# Work to be completed
Using the records that appear below, write out exactly the lines from the one with "I \<in> convex" through the one with "Q X \<longleftrightarrow>", keeping both end lines.

##### Extracted entries

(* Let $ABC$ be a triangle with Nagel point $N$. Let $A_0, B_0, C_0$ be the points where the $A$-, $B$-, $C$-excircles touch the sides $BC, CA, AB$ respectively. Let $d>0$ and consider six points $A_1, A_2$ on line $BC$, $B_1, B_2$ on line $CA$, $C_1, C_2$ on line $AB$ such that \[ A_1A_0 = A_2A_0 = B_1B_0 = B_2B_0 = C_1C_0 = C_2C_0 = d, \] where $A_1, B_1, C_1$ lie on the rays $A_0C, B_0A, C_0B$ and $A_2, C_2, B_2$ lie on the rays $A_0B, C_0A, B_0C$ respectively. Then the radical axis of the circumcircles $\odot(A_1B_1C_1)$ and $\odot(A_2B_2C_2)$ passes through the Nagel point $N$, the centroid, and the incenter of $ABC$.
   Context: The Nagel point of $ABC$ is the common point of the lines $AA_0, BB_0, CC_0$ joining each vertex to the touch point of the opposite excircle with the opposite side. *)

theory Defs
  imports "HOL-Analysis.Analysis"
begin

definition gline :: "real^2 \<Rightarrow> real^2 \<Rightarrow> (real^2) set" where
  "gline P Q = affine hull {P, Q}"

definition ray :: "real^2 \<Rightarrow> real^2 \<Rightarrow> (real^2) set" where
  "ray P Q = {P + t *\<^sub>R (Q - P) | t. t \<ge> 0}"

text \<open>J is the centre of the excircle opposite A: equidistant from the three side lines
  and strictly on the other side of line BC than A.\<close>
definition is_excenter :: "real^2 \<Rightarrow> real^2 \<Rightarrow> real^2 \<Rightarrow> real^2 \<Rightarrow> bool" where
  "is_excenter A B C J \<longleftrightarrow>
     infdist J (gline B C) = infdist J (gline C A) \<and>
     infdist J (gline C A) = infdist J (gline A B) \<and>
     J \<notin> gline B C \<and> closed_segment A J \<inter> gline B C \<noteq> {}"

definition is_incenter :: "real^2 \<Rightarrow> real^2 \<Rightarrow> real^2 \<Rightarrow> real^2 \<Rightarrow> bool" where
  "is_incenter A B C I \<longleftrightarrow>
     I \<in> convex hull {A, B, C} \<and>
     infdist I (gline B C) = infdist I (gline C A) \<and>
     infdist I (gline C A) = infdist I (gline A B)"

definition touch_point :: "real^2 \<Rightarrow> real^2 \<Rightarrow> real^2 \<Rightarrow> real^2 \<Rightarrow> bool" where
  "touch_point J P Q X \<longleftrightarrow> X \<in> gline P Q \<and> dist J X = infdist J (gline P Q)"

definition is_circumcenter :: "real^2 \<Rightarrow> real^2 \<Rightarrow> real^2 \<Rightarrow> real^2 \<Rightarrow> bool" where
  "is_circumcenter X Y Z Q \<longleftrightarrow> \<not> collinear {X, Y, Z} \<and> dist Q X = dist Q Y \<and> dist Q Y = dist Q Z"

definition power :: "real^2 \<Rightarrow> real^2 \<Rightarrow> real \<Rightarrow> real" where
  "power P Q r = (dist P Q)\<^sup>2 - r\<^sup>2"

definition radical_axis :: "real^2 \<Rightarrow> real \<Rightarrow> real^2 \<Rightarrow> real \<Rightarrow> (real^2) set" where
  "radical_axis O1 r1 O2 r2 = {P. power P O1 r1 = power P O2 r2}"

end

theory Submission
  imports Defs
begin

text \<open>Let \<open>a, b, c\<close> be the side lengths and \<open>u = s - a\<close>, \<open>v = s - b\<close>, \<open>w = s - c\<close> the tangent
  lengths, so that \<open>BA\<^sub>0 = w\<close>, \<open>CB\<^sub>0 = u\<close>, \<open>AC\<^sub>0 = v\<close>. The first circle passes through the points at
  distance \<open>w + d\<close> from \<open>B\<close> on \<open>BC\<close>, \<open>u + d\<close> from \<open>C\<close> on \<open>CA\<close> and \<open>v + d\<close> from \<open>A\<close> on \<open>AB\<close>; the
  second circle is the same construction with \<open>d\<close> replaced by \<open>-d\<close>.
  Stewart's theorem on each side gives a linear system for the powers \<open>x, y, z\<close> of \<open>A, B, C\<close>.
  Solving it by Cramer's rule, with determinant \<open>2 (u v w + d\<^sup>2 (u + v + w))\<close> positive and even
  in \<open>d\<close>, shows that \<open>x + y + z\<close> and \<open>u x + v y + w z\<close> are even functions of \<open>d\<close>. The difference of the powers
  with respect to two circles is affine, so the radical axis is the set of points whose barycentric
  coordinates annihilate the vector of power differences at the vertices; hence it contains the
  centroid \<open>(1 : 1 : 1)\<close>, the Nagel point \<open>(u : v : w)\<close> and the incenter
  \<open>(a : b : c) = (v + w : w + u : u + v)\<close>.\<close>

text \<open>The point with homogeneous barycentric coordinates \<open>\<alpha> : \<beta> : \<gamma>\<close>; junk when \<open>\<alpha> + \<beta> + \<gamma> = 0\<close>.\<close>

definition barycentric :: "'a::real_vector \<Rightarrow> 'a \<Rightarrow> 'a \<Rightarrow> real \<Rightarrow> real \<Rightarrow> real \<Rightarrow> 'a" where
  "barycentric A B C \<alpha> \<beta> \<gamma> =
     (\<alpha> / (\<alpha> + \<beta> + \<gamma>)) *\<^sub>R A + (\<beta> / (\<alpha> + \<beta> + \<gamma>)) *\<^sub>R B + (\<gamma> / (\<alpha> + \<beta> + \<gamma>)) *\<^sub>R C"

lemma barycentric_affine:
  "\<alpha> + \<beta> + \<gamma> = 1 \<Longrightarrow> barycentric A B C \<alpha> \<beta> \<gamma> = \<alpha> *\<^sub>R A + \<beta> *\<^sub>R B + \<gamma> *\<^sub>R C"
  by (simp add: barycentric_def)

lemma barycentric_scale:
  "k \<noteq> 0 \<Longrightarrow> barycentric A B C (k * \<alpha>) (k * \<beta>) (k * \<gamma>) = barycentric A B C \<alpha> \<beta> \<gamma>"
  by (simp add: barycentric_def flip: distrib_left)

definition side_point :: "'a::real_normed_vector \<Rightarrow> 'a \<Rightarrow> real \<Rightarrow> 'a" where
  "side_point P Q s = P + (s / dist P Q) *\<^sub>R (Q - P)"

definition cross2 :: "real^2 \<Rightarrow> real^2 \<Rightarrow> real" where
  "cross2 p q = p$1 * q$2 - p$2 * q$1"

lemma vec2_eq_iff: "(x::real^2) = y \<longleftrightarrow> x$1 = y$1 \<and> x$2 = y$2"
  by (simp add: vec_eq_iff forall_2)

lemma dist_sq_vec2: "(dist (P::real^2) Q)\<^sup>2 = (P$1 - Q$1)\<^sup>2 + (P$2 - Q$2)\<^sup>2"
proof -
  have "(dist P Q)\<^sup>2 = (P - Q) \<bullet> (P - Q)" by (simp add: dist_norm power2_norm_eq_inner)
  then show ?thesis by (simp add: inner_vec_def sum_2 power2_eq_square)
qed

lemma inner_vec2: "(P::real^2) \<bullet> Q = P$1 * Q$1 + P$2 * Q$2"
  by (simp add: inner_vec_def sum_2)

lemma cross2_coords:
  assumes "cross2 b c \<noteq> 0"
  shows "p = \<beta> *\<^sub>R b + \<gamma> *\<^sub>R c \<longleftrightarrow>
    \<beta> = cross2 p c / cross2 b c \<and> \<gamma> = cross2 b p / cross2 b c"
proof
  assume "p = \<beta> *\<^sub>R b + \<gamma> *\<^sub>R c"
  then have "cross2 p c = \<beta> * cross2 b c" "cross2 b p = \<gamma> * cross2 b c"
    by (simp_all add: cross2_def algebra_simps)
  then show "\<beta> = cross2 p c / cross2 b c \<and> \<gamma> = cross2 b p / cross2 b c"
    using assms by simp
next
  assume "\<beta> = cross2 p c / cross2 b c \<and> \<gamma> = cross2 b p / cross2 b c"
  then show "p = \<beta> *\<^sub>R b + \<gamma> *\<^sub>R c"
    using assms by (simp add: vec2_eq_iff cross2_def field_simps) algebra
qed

##########

# Reply
     I \<in> convex hull {A, B, C} \<and>
     infdist I (gline B C) = infdist I (gline C A) \<and>
     infdist I (gline C A) = infdist I (gline A B)"

definition touch_point :: "real^2 \<Rightarrow> real^2 \<Rightarrow> real^2 \<Rightarrow> real^2 \<Rightarrow> bool" where
  "touch_point J P Q X \<longleftrightarrow> X \<in> gline P Q \<and> dist J X = infdist J (gline P Q)"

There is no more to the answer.